Recorded information -

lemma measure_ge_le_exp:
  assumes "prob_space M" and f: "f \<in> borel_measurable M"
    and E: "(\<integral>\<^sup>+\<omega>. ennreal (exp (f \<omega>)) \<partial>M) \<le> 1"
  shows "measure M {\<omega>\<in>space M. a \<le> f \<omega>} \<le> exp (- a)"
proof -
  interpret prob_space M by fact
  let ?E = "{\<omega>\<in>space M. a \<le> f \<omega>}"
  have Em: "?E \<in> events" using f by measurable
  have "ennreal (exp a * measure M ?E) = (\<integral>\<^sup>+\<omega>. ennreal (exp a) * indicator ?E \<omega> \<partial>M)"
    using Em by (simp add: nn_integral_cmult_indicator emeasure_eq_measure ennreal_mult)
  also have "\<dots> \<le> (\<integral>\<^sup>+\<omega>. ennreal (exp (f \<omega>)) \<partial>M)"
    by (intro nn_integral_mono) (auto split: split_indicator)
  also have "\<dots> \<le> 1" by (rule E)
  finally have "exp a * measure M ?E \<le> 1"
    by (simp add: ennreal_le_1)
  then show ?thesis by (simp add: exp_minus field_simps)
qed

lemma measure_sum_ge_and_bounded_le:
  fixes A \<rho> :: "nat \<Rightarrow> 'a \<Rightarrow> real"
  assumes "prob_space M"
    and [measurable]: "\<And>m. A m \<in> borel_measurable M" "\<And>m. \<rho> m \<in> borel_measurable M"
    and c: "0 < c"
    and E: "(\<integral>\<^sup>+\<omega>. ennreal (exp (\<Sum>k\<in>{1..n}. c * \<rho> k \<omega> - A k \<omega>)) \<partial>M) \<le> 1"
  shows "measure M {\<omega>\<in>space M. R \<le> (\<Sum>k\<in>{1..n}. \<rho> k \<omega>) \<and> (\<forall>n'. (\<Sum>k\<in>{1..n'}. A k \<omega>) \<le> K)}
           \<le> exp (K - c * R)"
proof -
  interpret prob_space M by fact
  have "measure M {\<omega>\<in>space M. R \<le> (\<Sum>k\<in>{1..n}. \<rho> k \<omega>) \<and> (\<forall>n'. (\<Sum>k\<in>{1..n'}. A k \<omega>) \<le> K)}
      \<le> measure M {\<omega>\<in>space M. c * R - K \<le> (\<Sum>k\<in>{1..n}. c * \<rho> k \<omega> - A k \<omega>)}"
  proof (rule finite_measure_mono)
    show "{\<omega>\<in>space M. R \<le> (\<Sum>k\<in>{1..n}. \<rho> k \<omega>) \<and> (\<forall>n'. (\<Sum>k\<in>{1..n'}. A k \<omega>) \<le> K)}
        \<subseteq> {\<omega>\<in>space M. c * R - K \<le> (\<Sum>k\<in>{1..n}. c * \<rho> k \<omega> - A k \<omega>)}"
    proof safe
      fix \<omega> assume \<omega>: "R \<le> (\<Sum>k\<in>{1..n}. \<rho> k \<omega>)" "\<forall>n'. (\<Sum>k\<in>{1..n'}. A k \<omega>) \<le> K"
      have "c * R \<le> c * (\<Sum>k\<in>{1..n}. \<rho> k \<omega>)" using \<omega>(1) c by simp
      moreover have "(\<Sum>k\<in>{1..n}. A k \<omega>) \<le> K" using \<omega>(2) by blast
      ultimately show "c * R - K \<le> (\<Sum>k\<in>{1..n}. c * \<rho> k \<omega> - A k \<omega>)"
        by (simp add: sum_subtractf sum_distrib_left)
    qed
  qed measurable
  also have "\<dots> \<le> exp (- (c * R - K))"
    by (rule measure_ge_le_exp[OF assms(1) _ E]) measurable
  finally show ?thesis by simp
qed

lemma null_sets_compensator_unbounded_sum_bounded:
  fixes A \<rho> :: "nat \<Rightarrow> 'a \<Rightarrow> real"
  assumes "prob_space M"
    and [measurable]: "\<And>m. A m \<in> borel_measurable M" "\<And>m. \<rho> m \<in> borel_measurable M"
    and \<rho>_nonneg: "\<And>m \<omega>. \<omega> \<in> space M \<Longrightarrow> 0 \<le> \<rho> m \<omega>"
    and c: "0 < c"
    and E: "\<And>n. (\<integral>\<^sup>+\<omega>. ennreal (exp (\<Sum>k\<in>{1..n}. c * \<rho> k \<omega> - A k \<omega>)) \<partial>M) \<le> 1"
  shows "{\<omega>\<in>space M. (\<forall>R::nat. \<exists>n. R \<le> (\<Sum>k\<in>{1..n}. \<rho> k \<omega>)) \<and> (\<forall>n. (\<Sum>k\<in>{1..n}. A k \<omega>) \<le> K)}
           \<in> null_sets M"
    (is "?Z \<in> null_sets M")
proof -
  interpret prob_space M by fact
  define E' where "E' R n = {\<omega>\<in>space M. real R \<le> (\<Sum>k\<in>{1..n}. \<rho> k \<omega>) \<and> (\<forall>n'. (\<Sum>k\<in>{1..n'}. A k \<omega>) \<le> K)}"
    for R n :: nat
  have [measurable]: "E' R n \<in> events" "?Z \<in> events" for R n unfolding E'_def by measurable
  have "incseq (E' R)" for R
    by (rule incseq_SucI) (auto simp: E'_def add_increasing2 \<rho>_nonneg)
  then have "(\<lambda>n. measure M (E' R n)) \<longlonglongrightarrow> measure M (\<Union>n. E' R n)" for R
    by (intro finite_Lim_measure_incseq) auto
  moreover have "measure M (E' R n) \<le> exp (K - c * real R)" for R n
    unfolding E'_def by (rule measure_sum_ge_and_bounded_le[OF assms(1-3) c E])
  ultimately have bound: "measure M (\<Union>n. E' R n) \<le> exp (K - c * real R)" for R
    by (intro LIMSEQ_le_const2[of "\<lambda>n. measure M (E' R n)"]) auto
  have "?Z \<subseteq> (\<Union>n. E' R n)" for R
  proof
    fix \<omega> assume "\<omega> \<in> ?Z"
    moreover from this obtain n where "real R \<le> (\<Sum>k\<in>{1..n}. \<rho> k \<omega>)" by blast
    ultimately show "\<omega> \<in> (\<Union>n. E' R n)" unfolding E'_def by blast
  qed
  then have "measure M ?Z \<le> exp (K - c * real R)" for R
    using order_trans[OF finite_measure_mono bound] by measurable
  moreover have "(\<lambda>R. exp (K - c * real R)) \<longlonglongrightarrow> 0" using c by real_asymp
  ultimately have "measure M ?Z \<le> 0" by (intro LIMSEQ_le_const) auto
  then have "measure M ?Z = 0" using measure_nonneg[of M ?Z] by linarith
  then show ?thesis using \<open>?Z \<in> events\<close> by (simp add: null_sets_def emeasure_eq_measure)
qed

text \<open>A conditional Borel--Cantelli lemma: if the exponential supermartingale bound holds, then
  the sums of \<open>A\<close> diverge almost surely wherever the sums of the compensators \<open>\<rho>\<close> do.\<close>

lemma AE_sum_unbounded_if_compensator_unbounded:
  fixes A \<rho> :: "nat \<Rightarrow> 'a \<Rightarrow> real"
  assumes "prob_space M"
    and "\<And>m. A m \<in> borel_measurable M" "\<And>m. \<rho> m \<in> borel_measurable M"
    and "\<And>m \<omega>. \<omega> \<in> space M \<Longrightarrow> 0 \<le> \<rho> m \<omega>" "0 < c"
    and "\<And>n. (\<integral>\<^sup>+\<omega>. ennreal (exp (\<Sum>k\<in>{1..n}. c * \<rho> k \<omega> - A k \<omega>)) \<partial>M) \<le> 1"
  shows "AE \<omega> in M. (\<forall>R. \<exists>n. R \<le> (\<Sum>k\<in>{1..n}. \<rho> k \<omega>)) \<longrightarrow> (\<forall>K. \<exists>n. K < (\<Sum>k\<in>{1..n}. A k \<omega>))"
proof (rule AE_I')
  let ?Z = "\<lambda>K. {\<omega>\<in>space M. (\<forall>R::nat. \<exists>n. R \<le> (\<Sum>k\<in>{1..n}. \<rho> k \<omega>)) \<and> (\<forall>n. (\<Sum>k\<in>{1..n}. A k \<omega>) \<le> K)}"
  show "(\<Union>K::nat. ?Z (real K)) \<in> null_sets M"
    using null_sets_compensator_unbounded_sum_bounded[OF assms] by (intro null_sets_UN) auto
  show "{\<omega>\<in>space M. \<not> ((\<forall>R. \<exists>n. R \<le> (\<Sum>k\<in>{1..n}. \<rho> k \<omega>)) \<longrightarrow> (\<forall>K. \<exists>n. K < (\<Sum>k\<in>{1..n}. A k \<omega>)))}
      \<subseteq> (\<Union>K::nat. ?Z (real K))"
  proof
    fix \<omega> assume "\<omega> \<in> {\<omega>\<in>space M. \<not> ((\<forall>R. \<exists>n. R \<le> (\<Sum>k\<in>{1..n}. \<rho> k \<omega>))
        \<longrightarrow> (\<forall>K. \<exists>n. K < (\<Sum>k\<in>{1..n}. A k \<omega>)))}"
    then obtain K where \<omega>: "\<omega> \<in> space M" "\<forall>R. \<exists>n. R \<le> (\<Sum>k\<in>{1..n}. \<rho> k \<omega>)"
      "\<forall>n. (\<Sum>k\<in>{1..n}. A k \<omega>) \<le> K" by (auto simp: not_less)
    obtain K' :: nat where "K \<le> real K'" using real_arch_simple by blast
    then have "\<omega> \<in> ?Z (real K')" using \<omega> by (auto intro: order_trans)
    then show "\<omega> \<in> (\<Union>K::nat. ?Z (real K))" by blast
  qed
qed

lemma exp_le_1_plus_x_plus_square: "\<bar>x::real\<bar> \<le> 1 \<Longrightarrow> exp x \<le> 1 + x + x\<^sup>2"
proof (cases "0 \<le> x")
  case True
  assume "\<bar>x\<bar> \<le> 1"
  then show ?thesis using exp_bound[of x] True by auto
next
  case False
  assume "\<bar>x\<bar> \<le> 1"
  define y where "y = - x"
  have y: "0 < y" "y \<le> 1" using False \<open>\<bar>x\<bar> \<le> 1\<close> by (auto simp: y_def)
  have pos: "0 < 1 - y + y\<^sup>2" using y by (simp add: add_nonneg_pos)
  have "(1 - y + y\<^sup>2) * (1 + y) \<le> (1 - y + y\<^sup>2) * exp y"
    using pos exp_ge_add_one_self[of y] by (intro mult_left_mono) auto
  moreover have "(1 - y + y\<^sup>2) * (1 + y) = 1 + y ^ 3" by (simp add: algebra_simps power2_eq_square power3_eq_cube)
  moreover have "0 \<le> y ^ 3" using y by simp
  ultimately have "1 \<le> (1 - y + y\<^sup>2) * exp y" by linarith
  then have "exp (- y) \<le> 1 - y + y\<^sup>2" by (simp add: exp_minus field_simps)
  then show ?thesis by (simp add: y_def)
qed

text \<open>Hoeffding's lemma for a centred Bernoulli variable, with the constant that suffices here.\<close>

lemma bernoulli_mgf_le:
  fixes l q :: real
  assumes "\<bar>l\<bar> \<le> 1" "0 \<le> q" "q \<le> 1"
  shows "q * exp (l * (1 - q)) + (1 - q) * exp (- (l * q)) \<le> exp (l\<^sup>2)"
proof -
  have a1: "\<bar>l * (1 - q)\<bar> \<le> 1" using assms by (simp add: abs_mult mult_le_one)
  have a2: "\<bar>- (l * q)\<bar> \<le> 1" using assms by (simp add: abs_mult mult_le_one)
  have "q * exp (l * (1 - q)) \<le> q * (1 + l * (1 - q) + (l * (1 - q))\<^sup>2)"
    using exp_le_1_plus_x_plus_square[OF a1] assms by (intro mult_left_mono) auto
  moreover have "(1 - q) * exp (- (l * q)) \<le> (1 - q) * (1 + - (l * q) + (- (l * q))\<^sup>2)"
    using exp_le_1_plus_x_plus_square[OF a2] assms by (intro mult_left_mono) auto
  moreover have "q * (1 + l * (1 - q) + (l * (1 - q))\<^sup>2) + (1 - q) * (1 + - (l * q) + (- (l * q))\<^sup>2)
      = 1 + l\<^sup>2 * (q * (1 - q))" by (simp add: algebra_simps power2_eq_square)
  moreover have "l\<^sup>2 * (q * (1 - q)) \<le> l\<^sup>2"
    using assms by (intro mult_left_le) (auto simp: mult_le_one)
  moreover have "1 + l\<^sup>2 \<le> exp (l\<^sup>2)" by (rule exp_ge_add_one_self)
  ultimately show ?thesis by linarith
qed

What is expected - Print the lines above from the one with "proof (rule AE_I')" through the one with "y) \<le> 1 - y", both included, exactly as written and nothing more.

Solved problem -
proof (rule AE_I')
  let ?Z = "\<lambda>K. {\<omega>\<in>space M. (\<forall>R::nat. \<exists>n. R \<le> (\<Sum>k\<in>{1..n}. \<rho> k \<omega>)) \<and> (\<forall>n. (\<Sum>k\<in>{1..n}. A k \<omega>) \<le> K)}"
  show "(\<Union>K::nat. ?Z (real K)) \<in> null_sets M"
    using null_sets_compensator_unbounded_sum_bounded[OF assms] by (intro null_sets_UN) auto
  show "{\<omega>\<in>space M. \<not> ((\<forall>R. \<exists>n. R \<le> (\<Sum>k\<in>{1..n}. \<rho> k \<omega>)) \<longrightarrow> (\<forall>K. \<exists>n. K < (\<Sum>k\<in>{1..n}. A k \<omega>)))}
      \<subseteq> (\<Union>K::nat. ?Z (real K))"
  proof
    fix \<omega> assume "\<omega> \<in> {\<omega>\<in>space M. \<not> ((\<forall>R. \<exists>n. R \<le> (\<Sum>k\<in>{1..n}. \<rho> k \<omega>))
        \<longrightarrow> (\<forall>K. \<exists>n. K < (\<Sum>k\<in>{1..n}. A k \<omega>)))}"
    then obtain K where \<omega>: "\<omega> \<in> space M" "\<forall>R. \<exists>n. R \<le> (\<Sum>k\<in>{1..n}. \<rho> k \<omega>)"
      "\<forall>n. (\<Sum>k\<in>{1..n}. A k \<omega>) \<le> K" by (auto simp: not_less)
    obtain K' :: nat where "K \<le> real K'" using real_arch_simple by blast
    then have "\<omega> \<in> ?Z (real K')" using \<omega> by (auto intro: order_trans)
    then show "\<omega> \<in> (\<Union>K::nat. ?Z (real K))" by blast
  qed
qed

lemma exp_le_1_plus_x_plus_square: "\<bar>x::real\<bar> \<le> 1 \<Longrightarrow> exp x \<le> 1 + x + x\<^sup>2"
proof (cases "0 \<le> x")
  case True
  assume "\<bar>x\<bar> \<le> 1"
  then show ?thesis using exp_bound[of x] True by auto
next
  case False
  assume "\<bar>x\<bar> \<le> 1"
  define y where "y = - x"
  have y: "0 < y" "y \<le> 1" using False \<open>\<bar>x\<bar> \<le> 1\<close> by (auto simp: y_def)
  have pos: "0 < 1 - y + y\<^sup>2" using y by (simp add: add_nonneg_pos)
  have "(1 - y + y\<^sup>2) * (1 + y) \<le> (1 - y + y\<^sup>2) * exp y"
    using pos exp_ge_add_one_self[of y] by (intro mult_left_mono) auto
  moreover have "(1 - y + y\<^sup>2) * (1 + y) = 1 + y ^ 3" by (simp add: algebra_simps power2_eq_square power3_eq_cube)
  moreover have "0 \<le> y ^ 3" using y by simp
  ultimately have "1 \<le> (1 - y + y\<^sup>2) * exp y" by linarith
  then have "exp (- y) \<le> 1 - y + y\<^sup>2" by (simp add: exp_minus field_simps)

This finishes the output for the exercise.